O’Donnell then goes on to describe a purported Slavic exorcism in which the werewolf is “fumigated with incense and sprinkled with holy water.” He does, however, admit that he has never heard of such an exorcism actually working.

The next topic is gender differences between werewolves, the author asserting that women are more desirous of becoming lycanthropes than men, usually to obtain revenge against a rival woman or a faithless lover. Lady lycanthropes, we learn, are “far more cruel and daring, and much more to be dreaded, than male werewolves” because of a greater lust for flesh.

The story O’Donnell tells to illustrate this thesis is set in a village called Shiganska, which was supposedly located on the bank of the Petchora prior to being obliterated by a blizzard around fifty years before the time of writing:

Here were to be found lycanthropous blue and white flowers, which those desirous of becoming werwolves sought from far and wide, some even coming from Siberia, and some from away down South as far as Astrakan. And the woods abounded not only in werwolves, but in all sorts of supernatural horrors—phantoms [279]of the dead, i.e. (of murderers and suicides) Vice Elementals and Vagrarians, vampires and ghouls; no region in Russia boasted so many, and for this reason it was scrupulously avoided by all sensible people after sunset.

The protagonist is Ivan, a huntsman who finds his beloved dog killed by a wolf. He then encounters a mysterious woman in white fur, whose immense beauty allows O’Donnell to indulge his purplest tendencies (we read of “the necromancy of female grace”). Ivan begins courting the woman, whose name is Breda, and the two marry. But beautiful Breda turns out to have her quirks:

She preferred raw to cooked meat, and would not sleep in the same room as her husband. She grew very angry when Ivan expostulated, saying, “You promised you would never thwart me. If you do not keep your word, I shall despise you, scorn you, hate you.” And Ivan, who loved his wife beyond anything, yielded.

The neighbourhood is then hit by a spate of mysterious deaths. Horses and cattle are the first to fall victim, followed by Ivan’s two sisters, and finally his mother. In this last incident, Ivan catches the wolf in the act and injures it with his gun. The wolf then turns into Breda, who reveals all:

“You know part of my secret now,” she whispered, “but you don’t know everything. I am a werwolf, not by inheritance, but of my own free will. In order to become one I ate the blue flowers in the wood. I did so to be avenged on my husband.”
“Your husband!” Ivan cried; “good God! then you were a widow when I met you?”
“Yes,” Breda said slowly and with apparent effort. “I was forced into my first marriage by my all too worldly parents, and my husband ill-used and beat me!”
“The devil! the cold-hearted, cowardly devil!” Ivan ejaculated, “I would have killed him.”
“That is what I did,” Breda remarked; “I did kill him, and it was in order to make certain of killing him that I became a werwolf.”
“Did you eat him?” Ivan asked, horribly fascinated.

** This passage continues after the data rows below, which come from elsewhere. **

(* For all positive integers $b_1,\dots,b_s$ and $\gamma$, the series $\widetilde H_{b_1,\dots,b_s}(z)$, with coefficients reduced modulo $3^\gamma$, can be expressed as a linear combination with coefficients in $(\mathbb Z/3^\gamma\mathbb Z)[z,(1+z)^{-1}]$ of the series $1$ and of finitely many series $\widetilde H_{a_1,\dots,a_r}(z)$ ($r\ge1$) in which none of the $a_i$ is divisible by $3$.
   Context: For positive integers $a_1,\dots,a_r$, $$\widetilde H_{a_1,\dots,a_r}(z)=\sum_{k_1>\dots>k_r\ge0}\prod_{j=1}^{r}\left(\frac{z^{3^{k_j}}(1+z^{3^{k_j}})}{1+z^{3^{k_j+1}}}\right)^{a_j},$$ a formal power series in $z$ with integer coefficients (rational functions expanded as power series in $z$); $\widetilde H_{\emptyset}=1$. *)

theory Defs
  imports "HOL-Computational_Algebra.Formal_Power_Series" "HOL-Computational_Algebra.Polynomial_FPS"
begin

definition recip1 :: "int fps \<Rightarrow> int fps" where
  "recip1 f = fps_right_inverse f 1"

definition hterm :: "nat \<Rightarrow> int fps" where
  "hterm k = fps_X ^ (3 ^ k) * (1 + fps_X ^ (3 ^ k)) * recip1 (1 + fps_X ^ (3 ^ (k + 1)))"

(* index tuples k_1 > ... > k_r >= 0 (as a strictly decreasing list of length r),
   truncated to entries <= n; terms with k_1 > n have order >= 3^k_1 > n *)
definition htuples :: "nat \<Rightarrow> nat \<Rightarrow> nat list set" where
  "htuples r n = {ks. length ks = r \<and> sorted_wrt (>) ks \<and> set ks \<subseteq> {..n}}"

(* \widetilde H_{a_1..a_r}(z); the n-th coefficient of the (formally convergent) sum *)
definition Htilde :: "nat list \<Rightarrow> int fps" where
  "Htilde as = Abs_fps (\<lambda>n. \<Sum>ks\<in>htuples (length as) n.
      fps_nth (\<Prod>j<length as. hterm (ks ! j) ^ (as ! j)) n)"

(* element p(z) * (1+z)^(-k) of Z[z,(1+z)^(-1)], as an integer power series *)
definition laurent_coeff :: "int poly \<times> nat \<Rightarrow> int fps" where
  "laurent_coeff c = fps_of_poly (fst c) * recip1 (1 + fps_X) ^ snd c"

definition fps_cong :: "int \<Rightarrow> int fps \<Rightarrow> int fps \<Rightarrow> bool" where
  "fps_cong m f g \<longleftrightarrow> (\<forall>n. m dvd (fps_nth f n - fps_nth g n))"

end

theory Submission
  imports Defs
begin

text \<open>
  Write \<open>h\<^sub>k\<close> for the \<open>k\<close>-th summand, so that \<open>H\<^sub>a\<^sub>s\<close> is a nested sum of powers of the
  \<open>h\<^sub>k\<close>. Since \<open>h\<^sub>0 = z/(1 - z + z\<^sup>2)\<close> and \<open>1 - z + z\<^sup>2 = (1 + z)\<^sup>2 - 3z\<close>, modulo any \<open>3\<^sup>N\<close>
  the series \<open>h\<^sub>0\<close> lies in \<open>\<int>[z, (1+z)\<^sup>-\<^sup>1]\<close>; and the identity
  \<open>h\<^sub>k\<^sub>+\<^sub>1 (1 + 3 (h\<^sub>k - h\<^sub>k\<^sup>3)) = h\<^sub>k\<^sup>3\<close> gives \<open>h\<^sub>k\<^sup>3\<^sup>m \<equiv> h\<^sub>k\<^sub>+\<^sub>1\<^sup>m\<close> up to \<open>3\<close> times a
  polynomial in \<open>h\<^sub>k\<close> independent of \<open>k\<close>. So an index \<open>3m\<close> can be traded for an index \<open>m\<close>
  whose summation variable is shifted by one; summation by parts removes the shift at the cost
  of boundary terms, which are nested sums of smaller depth. By induction on depth and weight,
  every \<open>H\<^sub>a\<^sub>s\<close> is, modulo \<open>3\<^sup>N\<close>, a combination of series with no index divisible by \<open>3\<close>
  plus \<open>3\<close> times a combination of arbitrary ones, and induction on \<open>N\<close> disposes of the latter.
\<close>

unbundle fps_syntax

section \<open>Congruence of integer power series\<close>

lemma fps_cong_refl [simp]: "fps_cong M f f"
  by (simp add: fps_cong_def)

lemma fps_cong_sym: "fps_cong M f g \<Longrightarrow> fps_cong M g f"
  unfolding fps_cong_def by (metis mod_eq_dvd_iff)

lemma fps_cong_trans: "fps_cong M f g \<Longrightarrow> fps_cong M g h \<Longrightarrow> fps_cong M f h"
  unfolding fps_cong_def by (metis mod_eq_dvd_iff)

lemma fps_cong_add: "fps_cong M a b \<Longrightarrow> fps_cong M c d \<Longrightarrow> fps_cong M (a + c) (b + d)"
  unfolding fps_cong_def by (simp add: add_diff_add dvd_add)

lemma fps_cong_diff: "fps_cong M a b \<Longrightarrow> fps_cong M c d \<Longrightarrow> fps_cong M (a - c) (b - d)"
  unfolding fps_cong_def
proof (intro allI)
  fix n
  assume "\<forall>n. M dvd a $ n - b $ n" "\<forall>n. M dvd c $ n - d $ n"
  then have "M dvd (a $ n - b $ n) - (c $ n - d $ n)"
    using dvd_diff[of M "a $ n - b $ n" "c $ n - d $ n"] by blast
  then show "M dvd (a - c) $ n - (b - d) $ n"
    by (simp add: algebra_simps)
qed

lemma fps_cong_mult:
  assumes "fps_cong M a b" "fps_cong M c d"
  shows "fps_cong M (a * c) (b * d)"
  unfolding fps_cong_def
proof
  fix n
  have "a $ i * c $ (n - i) - b $ i * d $ (n - i)
      = (a $ i - b $ i) * c $ (n - i) + b $ i * (c $ (n - i) - d $ (n - i))" for i
    by (simp add: algebra_simps)
  moreover have "M dvd (a $ i - b $ i) * c $ (n - i) + b $ i * (c $ (n - i) - d $ (n - i))" for i
    using assms unfolding fps_cong_def by (intro dvd_add dvd_mult2 dvd_mult) auto
  ultimately show "M dvd (a * c) $ n - (b * d) $ n"
    by (simp add: fps_mult_nth flip: sum_subtractf) (intro dvd_sum, simp)
qed

lemma fps_cong_power: "fps_cong M a b \<Longrightarrow> fps_cong M (a ^ n) (b ^ n)"
  by (induction n) (auto intro: fps_cong_mult)

lemma fps_cong_sum:
  "(\<And>i. i \<in> I \<Longrightarrow> fps_cong M (f i) (g i)) \<Longrightarrow> fps_cong M (\<Sum>i\<in>I. f i) (\<Sum>i\<in>I. g i)"
  by (induction I rule: infinite_finite_induct) (auto intro: fps_cong_add)

lemma fps_cong_1: "fps_cong 1 f g"
  by (simp add: fps_cong_def)

lemma fps_cong_const_mult:
  "fps_cong M f g \<Longrightarrow> fps_cong (c * M) (fps_const c * f) (fps_const c * g)"
  unfolding fps_cong_def by (simp flip: right_diff_distrib)

section \<open>The ring \<open>\<int>[z, (1+z)\<^sup>-\<^sup>1]\<close>\<close>

lemma recip1_right_inverse: "d > 0 \<Longrightarrow> (1 + fps_X ^ d) * recip1 (1 + fps_X ^ d) = (1 :: int fps)"
  unfolding recip1_def by (intro fps_right_inverse) simp
lemma is_binv_restrict:
  assumes R: "is_binv (q * T) M R" and q: "q > 0"
    and M_diag: "residue_block_diag q (q * T) M"
  shows "is_binv T (\<lambda>i j. M (q * i) (q * j)) (\<lambda>i j. R (q * i) (q * j))"
proof (rule is_binvI)
  show "bcl (R (q * a) (q * b))" if "a < T" "b < T" for a b
    using that q by (intro is_binv_bcl[OF R]) auto
  show "(\<Sum>k<T. M (q * a) (q * k) (R (q * k) (q * b) x)) = (if a = b then x else 0)"
    if ab: "a < T" "b < T" for a b x
  proof -
    have "(\<Sum>k<T. M (q * a) (q * k) (R (q * k) (q * b) x)) = (\<Sum>k<q * T. M (q * a) k (R k (q * b) x))"
      using ab q by (intro sum_lessThan_multiples[symmetric]) (auto intro: residue_block_diagD[OF M_diag])
    then show ?thesis
      using is_binv_right[OF R, of "q * a" "q * b" x] ab q by simp
  qed
  show "(\<Sum>k<T. R (q * a) (q * k) (M (q * k) (q * b) x)) = (if a = b then x else 0)"
    if ab: "a < T" "b < T" for a b x
  proof -
    have "(\<Sum>k<T. R (q * a) (q * k) (M (q * k) (q * b) x)) = (\<Sum>k<q * T. R (q * a) k (M k (q * b) x))"
      using ab q residue_block_diagD[OF M_diag] clinear_zero[OF is_binv_clinear[OF R]]
      by (intro sum_lessThan_multiples[symmetric]) (auto simp: dvd_eq_mod_eq_0)
    then show ?thesis
      using is_binv_left[OF R, of "q * a" "q * b" x] ab q by simp
  qed
qed

text \<open>Discarding the off-block entries of an inverse yields another inverse, which by uniqueness
  is the inverse itself.\<close>
lemma is_binv_residue_block_diag:
  assumes R: "is_binv T M R" and M_diag: "residue_block_diag q T M"
    and M_clinear: "\<And>r s. r < T \<Longrightarrow> s < T \<Longrightarrow> clinear (M r s)"
  shows "residue_block_diag q T R"
proof -
  define R' where "R' = (\<lambda>r s x. if r mod q = s mod q then R r s x else 0)"
  have M0: "M a b 0 = 0" if "a < T" "b < T" for a b
    using that by (simp add: M_clinear clinear_zero)
  have R0: "R a b 0 = 0" if "a < T" "b < T" for a b
    using that by (simp add: is_binv_clinear[OF R] clinear_zero)
  have "is_binv T M R'"
  proof (rule is_binvI)
    show "bcl (R' a b)" if "a < T" "b < T" for a b
      using that by (cases "a mod q = b mod q") (auto simp: R'_def bcl_zero is_binv_bcl[OF R])
    show "(\<Sum>k<T. M a k (R' k b x)) = (if a = b then x else 0)" if ab: "a < T" "b < T" for a b x
    proof -
      have "(\<Sum>k<T. M a k (R' k b x)) = (if a mod q = b mod q then \<Sum>k<T. M a k (R k b x) else 0)"
        using ab M0 residue_block_diagD[OF M_diag] by (auto simp: R'_def intro!: sum.neutral sum.cong)
      then show ?thesis
        using is_binv_right[OF R ab] by auto
    qed
    show "(\<Sum>k<T. R' a k (M k b x)) = (if a = b then x else 0)" if ab: "a < T" "b < T" for a b x
    proof -
      have "(\<Sum>k<T. R' a k (M k b x)) = (if a mod q = b mod q then \<Sum>k<T. R a k (M k b x) else 0)"
        using ab R0 residue_block_diagD[OF M_diag] by (auto simp: R'_def intro!: sum.neutral sum.cong)
      then show ?thesis
        using is_binv_left[OF R ab] by auto
    qed
  qed
  then show ?thesis
    using is_binv_unique[OF R] by (auto simp: residue_block_diag_def R'_def)
qed

lemma clinear_fhat: "(\<And>t. clinear (A t)) \<Longrightarrow> clinear (fhat T A k)"
  unfolding fhat_def by (intro clinear_compose[OF clinear_scaleC_map] clinear_sum_fun
      clinear_compose[OF clinear_scaleC_map])

lemma clinear_toep: "(\<And>t. clinear (A t)) \<Longrightarrow> clinear (toep T A r s)"
  unfolding toep_def by (rule clinear_fhat)

lemma clinear_Nmat: "clinear (Nmat T r s)"
  unfolding Nmat_def by (cases "r = s") (auto simp: clinear_scaleC_map clinear_zero_fun)

definition pencil :: "nat \<Rightarrow> ('a::chilbert, 'a) bmat \<Rightarrow> complex \<Rightarrow> ('a, 'a) bmat" where
  "pencil T M z = bminus (Nmat T) (bscale z M)"

lemma pencil_apply: "pencil T M z r s y = Nmat T r s y - scaleC z (M r s y)"
  by (simp add: pencil_def bminus_def bscale_def)

lemma clinear_pencil: "(\<And>t. clinear (A t)) \<Longrightarrow> clinear (pencil T (toep T A) z r s)"
  unfolding pencil_def bminus_def bscale_def
  by (intro clinear_diff_fun clinear_Nmat clinear_compose[OF clinear_scaleC_map] clinear_toep)

definition resolvent :: "nat \<Rightarrow> (nat \<Rightarrow> 'x::chilbert \<Rightarrow> 'x) \<Rightarrow> complex \<Rightarrow> ('x, 'x) bmat" where
  "resolvent T A z = binv T (pencil T (toep T A) z)"

lemma rho_iff_pencil: "z \<in> rho T M \<longleftrightarrow> (\<exists>R. is_binv T (pencil T M z) R)"
  by (simp add: rho_def pencil_def)

lemma is_binv_resolvent:
  assumes "z \<in> rho T (toep T A)"
  shows "is_binv T (pencil T (toep T A) z) (resolvent T A z)"
  using assms unfolding rho_iff_pencil resolvent_def binv_def by (rule someI_ex)

lemma resolvent_eq:
  assumes R: "is_binv T (pencil T (toep T A) z) R" and "r < T" "s < T"
  shows "resolvent T A z r s = R r s"
proof -
  have "z \<in> rho T (toep T A)"
    using R rho_iff_pencil by blast
  from is_binv_unique[OF is_binv_resolvent[OF this] R assms(2,3)] show ?thesis .
qed

definition lifted_tf ::
  "nat \<Rightarrow> (nat \<Rightarrow> 'u::chilbert \<Rightarrow> 'x::chilbert) \<Rightarrow> (nat \<Rightarrow> 'x \<Rightarrow> 'y::chilbert) \<Rightarrow> (nat \<Rightarrow> 'u \<Rightarrow> 'y)
   \<Rightarrow> complex \<Rightarrow> ('x, 'x) bmat \<Rightarrow> ('u, 'y) bmat" where
  "lifted_tf T B C D z R = badd (bscale z (bmult T (toep T C) (bmult T R (toep T B)))) (toep T D)"

lemma lifted_tf_apply: "lifted_tf T B C D z R a b x =
    scaleC z (\<Sum>k<T. toep T C a k (\<Sum>j<T. R k j (toep T B j b x))) + toep T D a b x"
  by (simp add: lifted_tf_def badd_def bscale_def bmult_def)

lemma lifted_tf_cong:
  "(\<And>i j. i < T \<Longrightarrow> j < T \<Longrightarrow> R i j = R' i j) \<Longrightarrow> lifted_tf T B C D z R = lifted_tf T B C D z R'"
  unfolding lifted_tf_def bmult_def by (intro ext arg_cong2[where f = badd] refl) (simp add: bscale_def)

lemma clinear_lifted_tf:
  assumes "\<And>t. clinear (B t)" "\<And>t. clinear (C t)" "\<And>t. clinear (D t)"
    and "\<And>i j. i < T \<Longrightarrow> j < T \<Longrightarrow> clinear (R i j)"
  shows "clinear (lifted_tf T B C D z R a b)"
proof -
  have inner: "clinear (\<lambda>x. \<Sum>j<T. R k j (toep T B j b x))" if "k < T" for k
    by (rule clinear_sum_fun, rule clinear_compose) (use assms that in \<open>auto intro: clinear_toep\<close>)
  have "clinear (\<lambda>x. \<Sum>k<T. toep T C a k (\<Sum>j<T. R k j (toep T B j b x)))"
    by (rule clinear_sum_fun, rule clinear_compose[OF clinear_toep]) (use assms inner in auto)
  then show ?thesis
    unfolding lifted_tf_def badd_def bscale_def bmult_def
    using assms by (intro clinear_add_fun clinear_compose[OF clinear_scaleC_map] clinear_toep)
qed

lemma htf_eq_lifted_tf: "htf m n A B C D z =
   (let T = m * (n div gcd m n)
    in bscale (1 / of_nat (m div gcd m n))
         (bmult T (Pi_adj m) (bmult T (lifted_tf T B C D z (resolvent T A z)) (Pi_stack n))))"
  by (simp only: htf_def lifted_tf_def resolvent_def pencil_def Let_def)

lemma bmult_Pi_adj_Pi_stack:
  assumes "\<And>a b. K a b 0 = 0"
  shows "bmult T (Pi_adj m) (bmult T K (Pi_stack n)) r k x =
    (\<Sum>a<T. if a mod m = r then (\<Sum>b<T. if b mod n = k then K a b x else 0) else 0)"
proof -
  have "bmult T K (Pi_stack n) a k x = (\<Sum>b<T. if b mod n = k then K a b x else 0)" for a
    unfolding bmult_apply Pi_stack_def using assms by (intro sum.cong) auto
  then show ?thesis
    unfolding bmult_apply[of T "Pi_adj m"] by (simp add: Pi_adj_def)
qed

lemma clinear_lifted_tf_resolvent:
  assumes z: "z \<in> rho T (toep T A)"
    and "\<And>t. clinear (B t)" "\<And>t. clinear (C t)" "\<And>t. clinear (D t)"
  shows "clinear (lifted_tf T B C D z (resolvent T A z) a b)"
  using assms(2-4) is_binv_clinear[OF is_binv_resolvent[OF z]] by (rule clinear_lifted_tf)

lemma htf_entry:
  assumes T: "T = m * (n div gcd m n)" and z: "z \<in> rho T (toep T A)"
    and "\<And>t. clinear (B t)" "\<And>t. clinear (C t)" "\<And>t. clinear (D t)"
  shows "htf m n A B C D z r k x = scaleC (1 / of_nat (m div gcd m n))
    (\<Sum>a<T. if a mod m = r then
       (\<Sum>b<T. if b mod n = k then lifted_tf T B C D z (resolvent T A z) a b x else 0) else 0)"
proof -
  let ?K = "lifted_tf T B C D z (resolvent T A z)"
  have K_clinear: "clinear (?K a b)" for a b
    using z assms(3-5) by (rule clinear_lifted_tf_resolvent)
  have "bmult T (Pi_adj m) (bmult T ?K (Pi_stack n)) r k x =
    (\<Sum>a<T. if a mod m = r then (\<Sum>b<T. if b mod n = k then ?K a b x else 0) else 0)"
    by (rule bmult_Pi_adj_Pi_stack, rule clinear_zero, rule K_clinear)
  moreover have "htf m n A B C D z r k x =
      scaleC (1 / of_nat (m div gcd m n)) (bmult T (Pi_adj m) (bmult T ?K (Pi_stack n)) r k x)"
    by (simp only: htf_eq_lifted_tf Let_def T bscale_def)
  ultimately show ?thesis
    by simp
qed

lemma htf_zero:
  assumes T: "T = m * (n div gcd m n)" and z: "z \<in> rho T (toep T A)"
    and B: "\<And>t. clinear (B t)" and C: "\<And>t. clinear (C t)" and D: "\<And>t. clinear (D t)"
  shows "htf m n A B C D z r k 0 = 0"
  unfolding htf_entry[OF T z B C D] clinear_zero[OF clinear_lifted_tf_resolvent[OF z B C D]]
  by (simp only: if_cancel sum.neutral_const scaleC_zero_right)

section \<open>Shifting rows and columns\<close>

definition unit_root :: "nat \<Rightarrow> complex" where
  "unit_root T = exp (2 * of_real pi * \<i> / of_nat T)"

lemma unit_root_nonzero: "unit_root T \<noteq> 0"
  by (simp add: unit_root_def)

lemma unit_root_power: "unit_root T ^ r = exp (2 * of_real pi * \<i> * of_nat r / of_nat T)"
  unfolding unit_root_def exp_of_nat_mult[symmetric] by (simp add: mult.commute)

lemma unit_root_power_mod:
  assumes "T > 0"
  shows "unit_root T ^ (r mod T) = unit_root T ^ r"
proof -
  have "unit_root T ^ T = 1"
    using complex_root_unity[of T 1] assms by (simp add: unit_root_def)
  then have "unit_root T ^ (T * (r div T)) = 1"
    by (simp add: power_mult)
  moreover have "unit_root T ^ r = unit_root T ^ (T * (r div T)) * unit_root T ^ (r mod T)"
    by (simp flip: power_add)
  ultimately show ?thesis
    by simp
qed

Ivan agrees to cover up the murders committed by his wife and later recruits an occultist to exorcise her. During the rite, however, he finds the prospect of Berda being flogged so upsetting that he intervenes and frees her, allowing her to escape into the wilderness in the form of a white wolf.

And so concludes Elliott O’Donnell’s Werwolves. A generous reader will take him at his word and accept the narrative of Ivan and Berda as a true story related to O’Donnell by a reliable witness, and not just elements from Frederick Marryat’s “The White Wolf of the Hartz Mountains” mashed up with the exorcisms described by O’Donnell elsewhere in his book.